Meetings of fascists, young skinheads, Elvis, experiences with such legendary directors as David Lynch, Quentin Tarantino and Werner Herzog, and the media circus around Oscar nominees — those were just some of the topics addressed by British actor Tim Roth (Reservoir Dogs, Pulp Fiction, Rob Roy, Lie to Me) during a masterclass at the 15th edition of the Luxembourg City Film Festival on Wednesday.

The crowded session followed Tuesday night’s Luxembourg premiere of independent movie Poison, directed by Désirée Nosbusch (Bad Banks), in which Roth stars opposite Danish actress Trine Dyrholm as a couple that meets again years after tragedy drove them apart. Roth also received a festival honor on Tuesday evening.

In his wide-ranging masterclass, he also discussed working with the likes of Charlton Heston, and, to the surprise of some in the audience, Tupac Shakur.

And he shared insight into how he portrayed a 16-year-old racist skinhead in his 1982 TV debut in Made in Britain, written by David Leland and directed by Alan Clarke, sharing that Clarke’s prison drama Scum was one of the reasons he became an actor. “We grew up in a very left-wing household,” he explained. “There was a tradition in Britain that posh people [meaning members of the upper-class] were actors.” But Scum showed him “that working-class people can be actors, too,” he said.

So how did he approach his character Trevor in Made in Britain? “I knew this [kind of] guy. The white kids that I went to school with were kind of like that. So the job then became to portray them accurately and to do them justice. But there were elements that were missing in my education on it,” Roth explained. “So I went to a few fascist meetings. I went to British Movement meetings. What’s interesting about this character is he’s incredibly articulate, which is not how the middle classes portrayed people like this in film. They got it wrong. This guy had an intellect, an IQ and a sense of humor, all of which were incredibly dangerous when applied to a fascist. And so that was what was interesting to me about making him come to life.” He concluded: “They didn’t make the mistake of making him stupid.”

Discussing Tupac, Roth recalled meeting the music star after signing on for Vondie Curtis-Hall’s 1997 crime comedy film Gridlock’d about HIV and drugs, which was set to feature Laurence Fishburne. “But he dropped out, and he was really a big part of the reason why I wanted to do it,” Roth recalled. “So then the director came to me and said, ‘There’s this rapper.’ And I went, ‘No.’ He said bear with me. I said no. I was such an asshole.”
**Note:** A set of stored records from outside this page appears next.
lemma bij_betw_comp_permutes_PiE:
  assumes "\<sigma> permutes A"
  shows "bij_betw (\<lambda>f. f \<circ> \<sigma>) (A \<rightarrow>\<^sub>E B) (A \<rightarrow>\<^sub>E B)"
proof (rule bij_betw_byWitness[where f' = "\<lambda>f. f \<circ> inv \<sigma>"])
  have comp_PiE: "f \<circ> \<rho> \<in> A \<rightarrow>\<^sub>E B" if "\<rho> permutes A" "f \<in> A \<rightarrow>\<^sub>E B" for f \<rho>
    using that by (auto simp: PiE_iff extensional_def permutes_in_image permutes_not_in)
  show "(\<lambda>f. f \<circ> \<sigma>) ` (A \<rightarrow>\<^sub>E B) \<subseteq> A \<rightarrow>\<^sub>E B" "(\<lambda>f. f \<circ> inv \<sigma>) ` (A \<rightarrow>\<^sub>E B) \<subseteq> A \<rightarrow>\<^sub>E B"
    using comp_PiE assms permutes_inv by blast+
  show "\<forall>f \<in> A \<rightarrow>\<^sub>E B. f \<circ> \<sigma> \<circ> inv \<sigma> = f" "\<forall>f \<in> A \<rightarrow>\<^sub>E B. f \<circ> inv \<sigma> \<circ> \<sigma> = f"
    using permutes_inv_o[OF assms] by (simp_all add: comp_assoc)
qed

lemma prod_indicator_eq_PiE:
  assumes "finite A" "a \<in> A \<rightarrow>\<^sub>E B" "c \<in> A \<rightarrow>\<^sub>E B"
  shows "(\<Prod>l\<in>A. if a l = c l then 1 else 0) = (if a = c then 1 else (0::'a::comm_semiring_1))"
proof (cases "a = c")
  case False
  then obtain l where "l \<in> A" "a l \<noteq> c l"
    using assms(2,3) PiE_ext by blast
  with False assms(1) show ?thesis
    by (auto intro!: prod_zero)
qed simp

lemma Idx_comp_permutes_iff:
  assumes "\<sigma> permutes {..<m}"
  shows "(a, b \<circ> \<sigma>) \<in> Idx m \<longleftrightarrow> (a, b) \<in> Idx m"
proof -
  have "b \<circ> \<sigma> \<circ> inv \<sigma> = b"
    using permutes_inv_o[OF assms] by (simp add: comp_assoc)
  then show ?thesis
    unfolding Idx_def mem_Sigma_iff
    using bij_betw_apply[OF bij_betw_comp_permutes_PiE[OF assms]]
      bij_betw_apply[OF bij_betw_comp_permutes_PiE[OF permutes_inv[OF assms]], of "b \<circ> \<sigma>"]
    by metis
qed

definition alt_vectors :: "nat \<Rightarrow> 'k::field tensor \<Rightarrow> 'k tensor" where
  "alt_vectors m t = (\<lambda>(a, b). \<Sum>\<sigma> | \<sigma> permutes {..<m}. of_int (sign \<sigma>) * t (a, b \<circ> \<sigma>))"

lemma alt_vectors_Tens: "t \<in> Tens m \<Longrightarrow> alt_vectors m t \<in> Tens m"
  by (auto simp: Tens_def alt_vectors_def Idx_comp_permutes_iff)

lemma alt_vectors_sum:
  "alt_vectors m (\<lambda>x. \<Sum>i\<in>I. f i x) = (\<lambda>x. \<Sum>i\<in>I. alt_vectors m (f i) x)"
  unfolding alt_vectors_def by (auto simp: sum_distrib_left intro: sum.swap)

lemma alt_vectors_add: "alt_vectors m (tadd s t) = tadd (alt_vectors m s) (alt_vectors m t)"
  by (auto simp: alt_vectors_def tadd_def sum.distrib algebra_simps)

lemma alt_vectors_scale: "alt_vectors m (tsc c t) = tsc c (alt_vectors m t)"
  by (auto simp: alt_vectors_def tsc_def sum_distrib_left algebra_simps)
(* Let $n,m\ge1$. If $\varphi\colon A\to B$ is a Frobenius $n$-homomorphism and $\gamma\colon A\to B$ is a Frobenius $m$-homomorphism, then $\varphi+\gamma$ is a Frobenius $(n+m)$-homomorphism; moreover $R_{\varphi+\gamma}(a,z)=R_\varphi(a,z)R_\gamma(a,z)$ for all $a\in A$.
   Context: $\mathbb{K}=\mathbb{R}$ or $\mathbb{C}$; $A$ and $B$ are commutative associative unital $\mathbb{K}$-algebras. For a $\mathbb{K}$-linear map $\varphi\colon A\to B$ and $a\in A$, the characteristic function is $R_\varphi(a,z)=\exp\bigl(\varphi(\ln(1+az))\bigr)\in B[[z]]$, with $\ln(1+az)=\sum_{k\ge1}(-1)^{k+1}a^kz^k/k$ and $\varphi$ applied coefficientwise. The Frobenius maps $\Phi_k\colon A^k\to B$ of $\varphi$ are defined by $\Phi_1=\varphi$ and $\Phi_{k+1}(a_1,\dots,a_{k+1})=\varphi(a_1)\Phi_k(a_2,\dots,a_{k+1})-\sum_{j=2}^{k+1}\Phi_k(a_2,\dots,a_{j-1},a_1a_j,a_{j+1},\dots,a_{k+1})$. A linear map $\varphi$ is a (Frobenius) $n$-homomorphism if $\varphi(1)=n\cdot1_B$ and $\Phi_k\equiv0$ for all $k\ge n+1$. *)

theory Defs
  imports Complex_Main "HOL-Computational_Algebra.Formal_Power_Series"
begin

text \<open>Scalar field: real. Commutative associative unital algebras are modelled by the
  type class combination comm_ring_1 + real_algebra_1; linearity is real linearity.\<close>

text \<open>Frobenius maps: frob phi [a1,...,ak] is Phi_k(a1,...,ak) for k >= 1.
  The value at the empty list is an irrelevant convention (1, consistent with the recursion).\<close>
function frob :: "('a::comm_ring_1 \<Rightarrow> 'b::comm_ring_1) \<Rightarrow> 'a list \<Rightarrow> 'b" where
  "frob \<phi> [] = 1"
| "frob \<phi> [a] = \<phi> a"
| "frob \<phi> (a # b # rest) =
     \<phi> a * frob \<phi> (b # rest)
     - (\<Sum>j<length (b # rest). frob \<phi> ((b # rest)[j := a * (b # rest) ! j]))"
  by pat_completeness auto
termination
  by (relation "measure (\<lambda>(_, xs). length xs)") (auto split: nat.split)

definition frobenius_hom :: "nat \<Rightarrow> ('a::{comm_ring_1,real_algebra_1} \<Rightarrow> 'b::{comm_ring_1,real_algebra_1}) \<Rightarrow> bool" where
  "frobenius_hom n \<phi> \<longleftrightarrow> linear \<phi> \<and> \<phi> 1 = of_nat n \<and> (\<forall>xs. length xs \<ge> n + 1 \<longrightarrow> frob \<phi> xs = 0)"

definition fps_ln1p :: "'a::{comm_ring_1,real_algebra_1} \<Rightarrow> 'a fps" where
  "fps_ln1p a = Abs_fps (\<lambda>k. if k = 0 then 0 else scaleR ((-1) ^ (k + 1) / real k) (a ^ k))"

text \<open>Exponential of a formal power series with zero constant term, sum_k f^k / k!
  (the sum is finite coefficientwise since f has zero constant term).\<close>
definition fps_exp_alg :: "'b::{comm_ring_1,real_algebra_1} fps \<Rightarrow> 'b fps" where
  "fps_exp_alg f = Abs_fps (\<lambda>n. \<Sum>k\<le>n. scaleR (1 / fact k) (fps_nth (f ^ k) n))"

definition char_fun :: "('a::{comm_ring_1,real_algebra_1} \<Rightarrow> 'b::{comm_ring_1,real_algebra_1}) \<Rightarrow> 'a \<Rightarrow> 'b fps" where
  "char_fun \<phi> a = fps_exp_alg (Abs_fps (\<lambda>k. \<phi> (fps_nth (fps_ln1p a) k)))"

end

theory Submission
  imports Defs
begin

(* Proof idea.
   (1) Frobenius maps of a sum obey a Leibniz rule: for \<psi> = \<phi> + \<gamma>,
         \<Psi>_k(a_1,...,a_k) = \<Sum> \<Phi>_|l|(l) * \<Gamma>_|r|(r),
       the sum running over all ways of distributing the arguments (in order)
       into two subsequences l and r.  This is proved by induction on k from the
       defining recursion, using that the correction term "replace a_j by a_1 a_j"
       distributes over the two subsequences.  If k \<ge> n + m + 1 then every
       splitting has |l| \<ge> n + 1 or |r| \<ge> m + 1, so every summand vanishes and
       \<phi> + \<gamma> is an (n+m)-homomorphism.
   (2) The algebraic exponential of formal power series without constant term
       turns sums into products, exp(F + G) = exp F * exp G (binomial theorem plus
       a reindexing of finite double sums).  Since \<phi> is linear, the series
       \<phi>(ln(1 + a z)) is additive in \<phi>, which gives R_{\<phi>+\<gamma>} = R_\<phi> R_\<gamma>. *)

unbundle fps_syntax

lemma frob_cons:
  "frob \<phi> (a # ys) = \<phi> a * frob \<phi> ys - (\<Sum>j<length ys. frob \<phi> (ys[j := a * ys ! j]))"
  by (cases ys) auto

text \<open>\<open>split_sum F xs\<close> sums \<open>F (l, r)\<close> over all ways of distributing the entries of
  \<open>xs\<close>, keeping their order, into two subsequences \<open>l\<close> and \<open>r\<close> (there are
  \<open>2 ^ length xs\<close> summands).\<close>

fun split_sum :: "('a list \<times> 'a list \<Rightarrow> 'b::comm_ring_1) \<Rightarrow> 'a list \<Rightarrow> 'b" where
  "split_sum F [] = F ([], [])"
| "split_sum F (x # xs) =
     split_sum (\<lambda>p. F (x # fst p, snd p)) xs + split_sum (\<lambda>p. F (fst p, x # snd p)) xs"

lemma split_sum_add: "split_sum (\<lambda>p. F p + G p) xs = split_sum F xs + split_sum G xs"
  by (induction xs arbitrary: F G) (auto simp: algebra_simps)

lemma split_sum_diff: "split_sum (\<lambda>p. F p - G p) xs = split_sum F xs - split_sum G xs"
  by (induction xs arbitrary: F G) (auto simp: algebra_simps)

lemma split_sum_mult: "split_sum (\<lambda>p. c * F p) xs = c * split_sum F xs"
  by (induction xs arbitrary: F) (auto simp: algebra_simps)

lemma split_sum_eq_0:
  assumes "\<And>l r. length l + length r = length xs \<Longrightarrow> F (l, r) = 0"
  shows "split_sum F xs = 0"
  using assms by (induction xs arbitrary: F) auto

lemma split_sum_update:
  "(\<Sum>j<length ys. split_sum F (ys[j := f (ys ! j)])) =
   split_sum (\<lambda>(l, r). (\<Sum>i<length l. F (l[i := f (l ! i)], r))
                      + (\<Sum>i<length r. F (l, r[i := f (r ! i)]))) ys"
proof (induction ys arbitrary: F)
  case Nil
  then show ?case by simp
next
  case (Cons x xs)
  have "(\<Sum>j<length (x # xs). split_sum F ((x # xs)[j := f ((x # xs) ! j)]))
      = split_sum F (f x # xs) + (\<Sum>j<length xs. split_sum F (x # xs[j := f (xs ! j)]))"
    by (simp only: length_Cons sum.lessThan_Suc_shift) simp
  then show ?case
    by (simp add: Cons.IH sum.distrib sum.lessThan_Suc_shift split_sum_add case_prod_beta
        algebra_simps del: sum.lessThan_Suc)
qed

text \<open>Leibniz rule for a single new argument: the recursion step for \<open>\<phi> + \<gamma>\<close>,
  applied to the product \<open>\<Phi>(l) \<Gamma>(r)\<close>, gives the two products in which \<open>a\<close> is
  attached to \<open>l\<close> or to \<open>r\<close>.\<close>

lemma frob_cons_product:
  "(\<phi> a + \<gamma> a) * (frob \<phi> l * frob \<gamma> r)
     - ((\<Sum>i<length l. frob \<phi> (l[i := a * l ! i]) * frob \<gamma> r)
        + (\<Sum>i<length r. frob \<phi> l * frob \<gamma> (r[i := a * r ! i])))
   = frob \<phi> (a # l) * frob \<gamma> r + frob \<phi> l * frob \<gamma> (a # r)"
  by (simp add: frob_cons sum_distrib_left sum_distrib_right algebra_simps del: frob.simps)

lemma frob_add:
  "frob (\<lambda>x. \<phi> x + \<gamma> x) xs = split_sum (\<lambda>(l, r). frob \<phi> l * frob \<gamma> r) xs"
proof (induction "length xs" arbitrary: xs rule: less_induct)
  case less
  show ?case
  proof (cases xs)
    case Nil
    then show ?thesis by simp
  next
    case (Cons a ys)
    let ?G = "\<lambda>(l, r). frob \<phi> l * frob \<gamma> r"
    have "frob (\<lambda>x. \<phi> x + \<gamma> x) xs
        = (\<phi> a + \<gamma> a) * split_sum ?G ys - (\<Sum>j<length ys. split_sum ?G (ys[j := a * ys ! j]))"
      using less Cons by (simp add: frob_cons del: frob.simps)
    also have "\<dots> = split_sum (\<lambda>(l, r). (\<phi> a + \<gamma> a) * ?G (l, r)
                    - ((\<Sum>i<length l. ?G (l[i := a * l ! i], r))
                       + (\<Sum>i<length r. ?G (l, r[i := a * r ! i])))) ys"
      by (simp add: split_sum_update flip: split_sum_diff split_sum_mult) (simp add: split_def)
    also have "\<dots> = split_sum (\<lambda>(l, r). frob \<phi> (a # l) * frob \<gamma> r
                                      + frob \<phi> l * frob \<gamma> (a # r)) ys"
      by (simp only: prod.case frob_cons_product)
    also have "\<dots> = split_sum ?G xs"
      using Cons by (simp add: split_def flip: split_sum_add)
    finally show ?thesis .
  qed
qed

lemma frobenius_hom_add:
  assumes "frobenius_hom n \<phi>" and "frobenius_hom m \<gamma>"
  shows "frobenius_hom (n + m) (\<lambda>x. \<phi> x + \<gamma> x)"
  unfolding frobenius_hom_def
proof (intro conjI allI impI)
  show "linear (\<lambda>x. \<phi> x + \<gamma> x)"
    using assms by (intro linear_compose_add) (auto simp: frobenius_hom_def)
  show "\<phi> 1 + \<gamma> 1 = of_nat (n + m)"
    using assms by (simp add: frobenius_hom_def)
  fix xs :: "'a list"
  assume long: "n + m + 1 \<le> length xs"
  show "frob (\<lambda>x. \<phi> x + \<gamma> x) xs = 0"
    unfolding frob_add
  proof (rule split_sum_eq_0)
    fix l r :: "'a list"
    assume "length l + length r = length xs"
    with long have "length l \<ge> n + 1 \<or> length r \<ge> m + 1"
      by linarith
    then show "(case (l, r) of (l, r) \<Rightarrow> frob \<phi> l * frob \<gamma> r) = 0"
      using assms by (auto simp: frobenius_hom_def)
  qed
qed

text \<open>If \<open>f\<close> and \<open>g\<close> have no constant term, then \<open>f ^ k * g ^ l\<close> is divisible by
  \<open>z ^ (k + l)\<close>; this is what makes all sums below finite.\<close>

lemma fps_pow_mult_pow_nth_eq_0:
  fixes f g :: "'b::comm_ring_1 fps"
  assumes "f $ 0 = 0" and "g $ 0 = 0" and "N < k + l"
  shows "(f ^ k * g ^ l) $ N = 0"
proof -
  have shift: "h = fps_X * fps_shift 1 h" if "h $ 0 = 0" for h :: "'b fps"
    using that by (intro fps_ext) simp
  have "f ^ k * g ^ l = fps_X ^ (k + l) * (fps_shift 1 f ^ k * fps_shift 1 g ^ l)"
    by (subst shift[OF assms(1)], subst shift[OF assms(2)]) (simp add: power_mult_distrib power_add mult_ac)
  then show ?thesis
    using assms(3) by (simp add: fps_X_power_mult_nth)
qed

abbreviation inv_fact :: "nat \<Rightarrow> 'b::real_algebra_1" where
  "inv_fact k \<equiv> of_real (1 / fact k)"

lemma fps_exp_alg_nth:
  assumes "f $ 0 = 0" and "N \<le> M"
  shows "fps_exp_alg f $ N = (\<Sum>k\<le>M. inv_fact k * (f ^ k) $ N)"
proof -
  have "fps_exp_alg f $ N = (\<Sum>k\<le>N. inv_fact k * (f ^ k) $ N)"
    by (simp add: fps_exp_alg_def scaleR_conv_of_real)
  also have "\<dots> = (\<Sum>k\<le>M. inv_fact k * (f ^ k) $ N)"
    using assms fps_pow_mult_pow_nth_eq_0[of f 0 N _ 0]
    by (intro sum.mono_neutral_left) auto
  finally show ?thesis .
qed

lemma fps_exp_alg_mult_nth:
  fixes F G :: "'b::{comm_ring_1,real_algebra_1} fps"
  assumes F0: "F $ 0 = 0" and G0: "G $ 0 = 0"
  shows "(fps_exp_alg F * fps_exp_alg G) $ N
       = (\<Sum>(k, l)\<in>{(k, l). k + l \<le> N}. inv_fact k * inv_fact l * (F ^ k * G ^ l) $ N)"
proof -
  let ?t = "\<lambda>k l. inv_fact k * inv_fact l * (F ^ k * G ^ l) $ N"
  have "(fps_exp_alg F * fps_exp_alg G) $ N
     = (\<Sum>i=0..N. (\<Sum>k\<le>N. inv_fact k * (F ^ k) $ i) * (\<Sum>l\<le>N. inv_fact l * (G ^ l) $ (N - i)))"
    unfolding fps_mult_nth
    by (intro sum.cong) (auto simp: fps_exp_alg_nth[OF F0] fps_exp_alg_nth[OF G0 diff_le_self])
  also have "\<dots> = (\<Sum>i=0..N. \<Sum>k\<le>N. \<Sum>l\<le>N. inv_fact k * (F ^ k) $ i * (inv_fact l * (G ^ l) $ (N - i)))"
    by (simp only: sum_product)
  also have "\<dots> = (\<Sum>k\<le>N. \<Sum>l\<le>N. \<Sum>i=0..N. inv_fact k * (F ^ k) $ i * (inv_fact l * (G ^ l) $ (N - i)))"
    by (subst sum.swap) (simp only: sum.swap[where A = "{0..N}"])
  also have "\<dots> = (\<Sum>k\<le>N. \<Sum>l\<le>N. ?t k l)"
    by (simp add: fps_mult_nth sum_distrib_left mult_ac)
  also have "\<dots> = (\<Sum>(k, l)\<in>{..N} \<times> {..N}. ?t k l)"
    by (simp add: sum.cartesian_product)
  also have "\<dots> = (\<Sum>(k, l)\<in>{(k, l). k + l \<le> N}. ?t k l)"
    using fps_pow_mult_pow_nth_eq_0[OF F0 G0]
    by (intro sum.mono_neutral_right) (auto, metis not_le mult_zero_right)
  finally show ?thesis .
qed

lemma inv_fact_choose:
  assumes "k \<le> p"
  shows "(inv_fact p :: 'b::real_algebra_1) * of_nat (p choose k) = inv_fact k * inv_fact (p - k)"
proof -
  have "(1 / fact p) * real (p choose k) = (1 / fact k) * (1 / fact (p - k))"
    using binomial_fact[OF assms, where 'a = real] by (simp add: field_simps)
  then show ?thesis
    by (metis of_real_mult of_real_of_nat_eq)
qed

lemma fps_binomial_nth:
  fixes F G :: "'b::{comm_ring_1,real_algebra_1} fps"
  shows "inv_fact p * ((F + G) ^ p) $ N
       = (\<Sum>k\<le>p. inv_fact k * inv_fact (p - k) * (F ^ k * G ^ (p - k)) $ N)"
proof -
  have "inv_fact p * ((F + G) ^ p) $ N
      = (\<Sum>k\<le>p. inv_fact p * of_nat (p choose k) * (F ^ k * G ^ (p - k)) $ N)"
    unfolding binomial_ring fps_sum_nth sum_distrib_left
    by (intro sum.cong) (simp_all add: fps_of_nat[symmetric] mult.assoc)
  then show ?thesis
    by (simp add: inv_fact_choose)
qed

lemma fps_exp_alg_add:
  fixes F G :: "'b::{comm_ring_1,real_algebra_1} fps"
  assumes F0: "F $ 0 = 0" and G0: "G $ 0 = 0"
  shows "fps_exp_alg (F + G) = fps_exp_alg F * fps_exp_alg G"
proof (rule fps_ext)
  fix N
  have "fps_exp_alg (F + G) $ N = (\<Sum>p\<le>N. inv_fact p * ((F + G) ^ p) $ N)"
    using F0 G0 by (simp add: fps_exp_alg_nth)
  also have "\<dots> = (\<Sum>p\<le>N. \<Sum>k\<le>p. inv_fact k * inv_fact (p - k) * (F ^ k * G ^ (p - k)) $ N)"
    by (simp only: fps_binomial_nth)
  also have "\<dots> = (\<Sum>(k, l)\<in>{(k, l). k + l \<le> N}. inv_fact k * inv_fact l * (F ^ k * G ^ l) $ N)"
    by (rule sum.triangle_reindex_eq[symmetric])
  also have "\<dots> = (fps_exp_alg F * fps_exp_alg G) $ N"
    by (rule fps_exp_alg_mult_nth[OF F0 G0, symmetric])
  finally show "fps_exp_alg (F + G) $ N = (fps_exp_alg F * fps_exp_alg G) $ N" .
qed

text \<open>For linear maps the characteristic function is multiplicative in the map:
  \<open>(\<phi> + \<gamma>)(ln(1 + a z)) = \<phi>(ln(1 + a z)) + \<gamma>(ln(1 + a z))\<close>, and both summands have
  no constant term since \<open>ln(1 + a z)\<close> has none.\<close>

lemma char_fun_add:
  assumes "linear \<phi>" and "linear \<gamma>"
  shows "char_fun (\<lambda>x. \<phi> x + \<gamma> x) a = char_fun \<phi> a * char_fun \<gamma> a"
proof -
  let ?F = "Abs_fps (\<lambda>k. \<phi> (fps_ln1p a $ k))" and ?G = "Abs_fps (\<lambda>k. \<gamma> (fps_ln1p a $ k))"
  have ln0: "fps_ln1p a $ 0 = 0"
    by (simp add: fps_ln1p_def)
  have "Abs_fps (\<lambda>k. \<phi> (fps_ln1p a $ k) + \<gamma> (fps_ln1p a $ k)) = ?F + ?G"
    by (rule fps_ext) simp
  moreover have "?F $ 0 = 0" and "?G $ 0 = 0"
    using ln0 linear_0[OF assms(1)] linear_0[OF assms(2)] by simp_all
  ultimately show ?thesis
    unfolding char_fun_def by (simp add: fps_exp_alg_add)
qed

theorem mainTheorem8:
  fixes \<phi> \<gamma> :: "'a::{comm_ring_1,real_algebra_1} \<Rightarrow> 'b::{comm_ring_1,real_algebra_1}"
    and n m :: nat
  assumes "n \<ge> 1" and "m \<ge> 1"
    and "frobenius_hom n \<phi>" and "frobenius_hom m \<gamma>"
  shows "frobenius_hom (n + m) (\<lambda>x. \<phi> x + \<gamma> x)
         \<and> (\<forall>a. char_fun (\<lambda>x. \<phi> x + \<gamma> x) a = char_fun \<phi> a * char_fun \<gamma> a)"
proof
  show "frobenius_hom (n + m) (\<lambda>x. \<phi> x + \<gamma> x)"
    using assms(3,4) by (rule frobenius_hom_add)
  have "linear \<phi>" and "linear \<gamma>"
    using assms(3,4) by (simp_all add: frobenius_hom_def)
  then show "\<forall>a. char_fun (\<lambda>x. \<phi> x + \<gamma> x) a = char_fun \<phi> a * char_fun \<gamma> a"
    by (simp add: char_fun_add)
qed

end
After a round of laughs from the audience, the star continued: “I didn’t know anything about anything, right? So there was this guy who was on billboards all over L.A. and was double platinum. There was this beautiful guy. The director persuaded me to have a meeting with this fellow. So I went to this quite fancy pants bullshit restaurant that I liked in L.A. which had a garden at the back, and I’m sitting there with the director, and the back of the restaurant has been sectioned off.” In walked four bodyguard types, after a pause, four or five women, who went and sat at a table in the corner. “Then there’s another healthy pause. And then in walk two guys,” the Brit recalled. “And then in walks Pac. And I have all of this loaded ‘the fucking guy’s not an actor’ in my head, and he knocked all this bullshit away in the first second.”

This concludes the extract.